Deiva Balam () is a 1959 Indian Tamil-language film directed by P. Vasanthakumar Reddy. The film stars K. Balaji and Jayashree. This film is partly coloured by Gevacolor.

Plot

Cast 
The following list is compiled from the database of Film News Anandan and from the book Thiraikalanjiyam Part-1.

Male cast
K. Balaji
K. Sarangapani
Kaka Radhakrishnan
V. R. Rajagopal
Gummadi

Female cast
Jayashree
Girija
K. Malathi
Padmini Priyadarshini

Production 
The film was produced by Ponnaloori Brothers under their own banner and was directed by P. Vasanthakumar Reddy. Uthayakumar wrote the dialogues. Cinematography was done by B. J. Reddy and W. R. Subba Rao while Rajan did the editing. D. Venugopalasamy handled the choreography. The film was made in Telugu with the title Daiva Balam with N. T. Rama Rao and Jayashree starring.
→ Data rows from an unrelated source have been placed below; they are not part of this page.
(* Assume the Construction below and set $X=\bigcap_{n\geq0}X_n$. Then $X$ is a polynomially convex horizontal subset of $D(0,1/2)\times\mathbb{D}$, and $X\cap\big(D(0,1/5)\times\mathbb{D}\big)$ does not contain any holomorphic disk.
   Context: Notation: $D(a,r)$ is the open disk of center $a$ and radius $r$ in $\mathbb{C}$, $\mathbb{D}=D(0,1)$, and $\mathbb{Z}^2$ is identified with the Gaussian integers $\mathbb{Z}+i\mathbb{Z}\subset\mathbb{C}$. A subset of $D(0,1/2)\times\mathbb{D}$ is called horizontal if it is contained in $D(0,1/2)\times D(0,1-\varepsilon)$ for some $\varepsilon>0$. Construction. Let $(a_n)_{n\geq1}$ be a sequence of points of $D(0,1/4)$ such that both subsequences $(a_{2p})$ and $(a_{2p+1})$ are dense in $D(0,1/4)$. Put $A_n(z,w)=z-a_n$ if $n$ is odd and $A_n(z,w)=z+\frac{w}{100}-a_n$ if $n$ is even. Let $(r_n)_{n\geq1}$ be a sequence of positive reals decreasing to $0$ with $r_n\leq 1/10$, and $(m_n)_{n\geq1}$ a sequence of positive integers. Define $\delta_0=1/2$, $\delta_{n+1}=\frac{\delta_n^2 r_{n+1}}{4m_{n+1}^2}$ and $\varepsilon_{n+1}=\frac{\delta_n^2}{2m_{n+1}^2}$. Put $\Sigma_{n+1}=\overline{D}\big(0,\delta_n(1-\frac1{m_{n+1}})\big)\cap\frac{3\delta_n}{m_{n+1}}\mathbb{Z}^2$ (a finite set). Let $\mathcal S_0=\{0\}$, $P_{0,0}(z,w)=w$, and inductively $\mathcal S_{n+1}=\mathcal S_n\times\Sigma_{n+1}$ and, for $s'=(s,\sigma)\in\mathcal S_{n+1}$, $P_{n+1,s'}=(P_{n,s}-\sigma)^2-\varepsilon_{n+1}A_{n+1}$. Set (all sets taken in $D(0,1/2)\times\mathbb{D}$) $X_{n,s}=\{|P_{n,s}|<\delta_n\}$, $X_n=\bigcup_{s\in\mathcal S_n}X_{n,s}$, and $X^{\mathrm{int}}_{n+1,s,\sigma}=\{|P_{n,s}-\sigma|<\delta_n/m_{n+1}\}$ for $s\in\mathcal S_n,\sigma\in\Sigma_{n+1}$. *)

theory Defs
  imports "HOL-Analysis.Analysis"
begin

definition poly2 :: "(complex \<times> complex \<Rightarrow> complex) \<Rightarrow> bool" where
  "poly2 f \<longleftrightarrow> (\<exists>N::nat. \<exists>c::nat \<Rightarrow> nat \<Rightarrow> complex.
      \<forall>z w. f (z, w) = (\<Sum>i\<le>N. \<Sum>j\<le>N. c i j * z ^ i * w ^ j))"

definition poly_hull :: "(complex \<times> complex) set \<Rightarrow> (complex \<times> complex) set" where
  "poly_hull K = (if K = {} then {} else
     {p. \<forall>f. poly2 f \<longrightarrow> norm (f p) \<le> (SUP q\<in>K. norm (f q))})"

definition poly_convex :: "(complex \<times> complex) set \<Rightarrow> bool" where
  "poly_convex X \<longleftrightarrow> (\<forall>K. compact K \<and> K \<subseteq> X \<longrightarrow> poly_hull K \<subseteq> X)"

definition Bidisk :: "(complex \<times> complex) set" where
  "Bidisk = {(z, w). norm z < 1/2 \<and> norm w < 1}"

definition horizontal :: "(complex \<times> complex) set \<Rightarrow> bool" where
  "horizontal Y \<longleftrightarrow> Y \<subseteq> Bidisk \<and>
     (\<exists>e>0. Y \<subseteq> {(z, w). norm z < 1/2 \<and> norm w < 1 - e})"

definition contains_holo_disk :: "(complex \<times> complex) set \<Rightarrow> bool" where
  "contains_holo_disk Y \<longleftrightarrow> (\<exists>f g. f holomorphic_on ball 0 1 \<and> g holomorphic_on ball 0 1 \<and>
     (\<forall>t\<in>ball 0 1. (f t, g t) \<in> Y) \<and>
     (\<exists>t1\<in>ball 0 1. \<exists>t2\<in>ball 0 1. (f t1, g t1) \<noteq> (f t2, g t2)))"

definition Afun :: "(nat \<Rightarrow> complex) \<Rightarrow> nat \<Rightarrow> complex \<times> complex \<Rightarrow> complex" where
  "Afun a n p = (if odd n then fst p - a n else fst p + snd p / 100 - a n)"

fun delta :: "(nat \<Rightarrow> real) \<Rightarrow> (nat \<Rightarrow> nat) \<Rightarrow> nat \<Rightarrow> real" where
  "delta r m 0 = 1/2"
| "delta r m (Suc n) = (delta r m n)^2 * r (Suc n) / (4 * (real (m (Suc n)))^2)"

definition eps :: "(nat \<Rightarrow> real) \<Rightarrow> (nat \<Rightarrow> nat) \<Rightarrow> nat \<Rightarrow> real" where
  "eps r m n = (delta r m (n - 1))^2 / (2 * (real (m n))^2)"
  \<comment> \<open>only used for n \<ge> 1: eps (n+1) = delta n ^2 / (2 m(n+1)^2)\<close>

text \<open>Sigma_{n} for n \<ge> 1 (the paper's Sigma_{n+1} is Sigma r m (n+1)).\<close>
definition Sigma_set :: "(nat \<Rightarrow> real) \<Rightarrow> (nat \<Rightarrow> nat) \<Rightarrow> nat \<Rightarrow> complex set" where
  "Sigma_set r m n = {\<sigma>. norm \<sigma> \<le> delta r m (n - 1) * (1 - 1 / real (m n)) \<and>
      (\<exists>k l :: int. \<sigma> = complex_of_real (3 * delta r m (n - 1) / real (m n)) * Complex (of_int k) (of_int l))}"

text \<open>An element s of S_n is encoded as a function with s k \<in> Sigma_k for 1 \<le> k \<le> n
  (values outside {1..n} are irrelevant).\<close>
definition S_set :: "(nat \<Rightarrow> real) \<Rightarrow> (nat \<Rightarrow> nat) \<Rightarrow> nat \<Rightarrow> (nat \<Rightarrow> complex) set" where
  "S_set r m n = {s. \<forall>k\<in>{1..n}. s k \<in> Sigma_set r m k}"

fun Ppoly :: "(nat \<Rightarrow> complex) \<Rightarrow> (nat \<Rightarrow> real) \<Rightarrow> (nat \<Rightarrow> nat) \<Rightarrow> nat \<Rightarrow> (nat \<Rightarrow> complex)
    \<Rightarrow> complex \<times> complex \<Rightarrow> complex" where
  "Ppoly a r m 0 s p = snd p"
| "Ppoly a r m (Suc n) s p =
     (Ppoly a r m n s p - s (Suc n))^2 - complex_of_real (eps r m (Suc n)) * Afun a (Suc n) p"

definition Xns :: "(nat \<Rightarrow> complex) \<Rightarrow> (nat \<Rightarrow> real) \<Rightarrow> (nat \<Rightarrow> nat) \<Rightarrow> nat \<Rightarrow> (nat \<Rightarrow> complex)
    \<Rightarrow> (complex \<times> complex) set" where
  "Xns a r m n s = {p \<in> Bidisk. norm (Ppoly a r m n s p) < delta r m n}"

definition Xn :: "(nat \<Rightarrow> complex) \<Rightarrow> (nat \<Rightarrow> real) \<Rightarrow> (nat \<Rightarrow> nat) \<Rightarrow> nat
    \<Rightarrow> (complex \<times> complex) set" where
  "Xn a r m n = (\<Union>s\<in>S_set r m n. Xns a r m n s)"

definition Xlim :: "(nat \<Rightarrow> complex) \<Rightarrow> (nat \<Rightarrow> real) \<Rightarrow> (nat \<Rightarrow> nat) \<Rightarrow> (complex \<times> complex) set" where
  "Xlim a r m = (\<Inter>n. Xn a r m n)"

end

theory Submission
  imports Defs
begin

text \<open>
  Horizontality is immediate from X \<subseteq> X_0 = {|w| < 1/2}.  Each X_n is a disjoint union of
  "branches" X_{n,s} = {|P_{n,s}| < \<delta>_n}, and every branch of level n+1 lies in a unique branch
  of level n; the points of Sigma_{n+1} form a square lattice whose spacing is three times the
  radius gap_n = \<delta>_n/m_{n+1} of the disks {|P_{n,s} - \<sigma>| < gap_n} containing the sub-branches.

  Polynomial convexity: for compact K \<subseteq> X and p in the polynomial hull of K one proves
  p \<in> X_n by induction on n.  If p \<in> X_{n,s} but p \<notin> X_{n+1}, we build a polynomial G that is
  large at p and small on K \<inter> X_{n,s}, and multiply it by a polynomial that is close to the
  indicator of X_{n,s} on K \<union> {p}; the product contradicts the defining inequality of the hull.
  All these polynomials are one-variable polynomials composed with P_{n,s}; they approximate,
  on neighbourhoods of a square lattice, resolvents 1/(\<zeta> - b) (Runge's pole pushing) and the
  indicator of a single lattice disk (via 1/(w^N + 1)).

  No holomorphic disk: a disk in X stays in a single branch at every level.  If the disk moves
  the function A_k (k odd: z, k even: z + w/100) at some point, we pick k with a_k close to that
  value and r_k small; on a small circle, P_{k-1,s} - \<sigma>_k is then a continuous square root of a
  function winding once around 0, which is impossible.  Otherwise both z and w are constant.
\<close>

section \<open>Polynomial expressions\<close>

inductive bpoly :: "(complex \<times> complex \<Rightarrow> complex) \<Rightarrow> bool" where
  bpoly_const: "bpoly (\<lambda>p. c)"
| bpoly_fst: "bpoly fst"
| bpoly_snd: "bpoly snd"
| bpoly_add: "bpoly f \<Longrightarrow> bpoly g \<Longrightarrow> bpoly (\<lambda>p. f p + g p)"
| bpoly_mult: "bpoly f \<Longrightarrow> bpoly g \<Longrightarrow> bpoly (\<lambda>p. f p * g p)"

inductive upoly :: "(complex \<Rightarrow> complex) \<Rightarrow> bool" where
  upoly_const: "upoly (\<lambda>z. c)"
| upoly_id: "upoly (\<lambda>z. z)"
| upoly_add: "upoly f \<Longrightarrow> upoly g \<Longrightarrow> upoly (\<lambda>z. f z + g z)"
| upoly_mult: "upoly f \<Longrightarrow> upoly g \<Longrightarrow> upoly (\<lambda>z. f z * g z)"

lemma upoly_comp: "upoly q \<Longrightarrow> bpoly F \<Longrightarrow> bpoly (\<lambda>p. q (F p))"
  by (induction rule: upoly.induct) (auto intro: bpoly.intros)

lemma bpoly_diff: "bpoly f \<Longrightarrow> bpoly g \<Longrightarrow> bpoly (\<lambda>p. f p - g p)"
proof -
  assume "bpoly f" "bpoly g"
  then have "bpoly (\<lambda>p. f p + (-1) * g p)" by (intro bpoly.intros)
  then show ?thesis by simp
qed

lemma bpoly_power: "bpoly f \<Longrightarrow> bpoly (\<lambda>p. f p ^ n)"
  by (induction n) (auto intro: bpoly.intros)

lemma upoly_cont: "upoly q \<Longrightarrow> continuous_on S q"
  by (induction rule: upoly.induct) (auto intro!: continuous_intros)

lemma bpoly_cont: "bpoly q \<Longrightarrow> continuous_on S q"
  by (induction rule: bpoly.induct) (auto intro!: continuous_intros)

text \<open>A function on C^2 is a monomial sum if it is a finite linear combination of monomials
  z^i w^j; this is the bridge between the inductive description and the box-indexed sums
  used in the definition of poly2.\<close>
definition monomial_sum :: "(complex \<times> complex \<Rightarrow> complex) \<Rightarrow> bool" where
  "monomial_sum f \<longleftrightarrow> (\<exists>S c. finite S \<and> (\<forall>z w. f (z, w) = (\<Sum>x\<in>S. c x * z ^ fst x * w ^ snd x)))"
This film was partly coloured by Eastmancolor, making it one of the earliest Indian film to have sequences in Eastmancolor.

Soundtrack 
Music was composed by G. Aswathama and the lyrics were penned by A. Maruthakasi, Thanjai N. Ramaiah Dass and Lakshmanadas.

Release 
Deiva Balam was released on 11 July 1959, delayed from June.